### Task description
Each line in the entries below that holds the string "carrier" is to be listed.

(Stored items)
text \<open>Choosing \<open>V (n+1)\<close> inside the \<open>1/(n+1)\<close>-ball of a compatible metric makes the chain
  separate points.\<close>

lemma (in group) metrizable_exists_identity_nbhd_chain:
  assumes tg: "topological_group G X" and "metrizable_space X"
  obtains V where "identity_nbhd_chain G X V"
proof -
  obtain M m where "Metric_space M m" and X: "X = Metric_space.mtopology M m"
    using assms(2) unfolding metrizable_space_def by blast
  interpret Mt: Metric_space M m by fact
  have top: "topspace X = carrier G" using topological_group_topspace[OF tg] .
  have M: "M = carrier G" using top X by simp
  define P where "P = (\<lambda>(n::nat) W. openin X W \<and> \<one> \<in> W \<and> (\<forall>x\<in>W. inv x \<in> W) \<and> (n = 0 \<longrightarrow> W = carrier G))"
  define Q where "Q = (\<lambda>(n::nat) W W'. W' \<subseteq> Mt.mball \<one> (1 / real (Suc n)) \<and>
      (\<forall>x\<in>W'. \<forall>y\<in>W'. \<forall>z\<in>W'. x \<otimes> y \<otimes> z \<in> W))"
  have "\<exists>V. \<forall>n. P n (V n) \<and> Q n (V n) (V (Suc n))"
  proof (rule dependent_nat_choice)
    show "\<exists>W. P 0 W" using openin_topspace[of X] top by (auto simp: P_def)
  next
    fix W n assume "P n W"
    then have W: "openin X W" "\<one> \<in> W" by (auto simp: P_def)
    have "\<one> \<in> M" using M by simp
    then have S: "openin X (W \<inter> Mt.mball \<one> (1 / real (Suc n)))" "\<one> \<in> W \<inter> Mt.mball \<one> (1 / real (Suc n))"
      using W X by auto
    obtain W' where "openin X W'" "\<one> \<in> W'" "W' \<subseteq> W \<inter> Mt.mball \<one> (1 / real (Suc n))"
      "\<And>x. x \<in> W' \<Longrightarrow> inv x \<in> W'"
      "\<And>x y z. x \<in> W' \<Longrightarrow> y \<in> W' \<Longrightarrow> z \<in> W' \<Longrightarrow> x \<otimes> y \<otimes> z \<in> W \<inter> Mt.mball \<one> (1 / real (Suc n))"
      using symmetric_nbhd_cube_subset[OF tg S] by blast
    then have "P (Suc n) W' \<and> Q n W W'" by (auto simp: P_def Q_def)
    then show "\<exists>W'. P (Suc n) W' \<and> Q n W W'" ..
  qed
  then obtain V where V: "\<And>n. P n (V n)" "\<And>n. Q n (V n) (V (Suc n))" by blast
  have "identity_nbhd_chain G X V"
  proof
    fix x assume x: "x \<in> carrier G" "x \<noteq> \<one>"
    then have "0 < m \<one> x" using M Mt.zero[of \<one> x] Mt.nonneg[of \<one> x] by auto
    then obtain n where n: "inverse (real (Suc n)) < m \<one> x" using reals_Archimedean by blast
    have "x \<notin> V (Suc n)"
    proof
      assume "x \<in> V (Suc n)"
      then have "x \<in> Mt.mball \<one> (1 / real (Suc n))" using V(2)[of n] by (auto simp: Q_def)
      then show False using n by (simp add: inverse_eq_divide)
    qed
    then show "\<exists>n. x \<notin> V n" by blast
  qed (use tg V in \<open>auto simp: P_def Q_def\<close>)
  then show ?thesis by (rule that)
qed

### Exercise response
  have top: "topspace X = carrier G" using topological_group_topspace[OF tg] .
  have M: "M = carrier G" using top X by simp
  define P where "P = (\<lambda>(n::nat) W. openin X W \<and> \<one> \<in> W \<and> (\<forall>x\<in>W. inv x \<in> W) \<and> (n = 0 \<longrightarrow> W = carrier G))"
    fix x assume x: "x \<in> carrier G" "x \<noteq> \<one>"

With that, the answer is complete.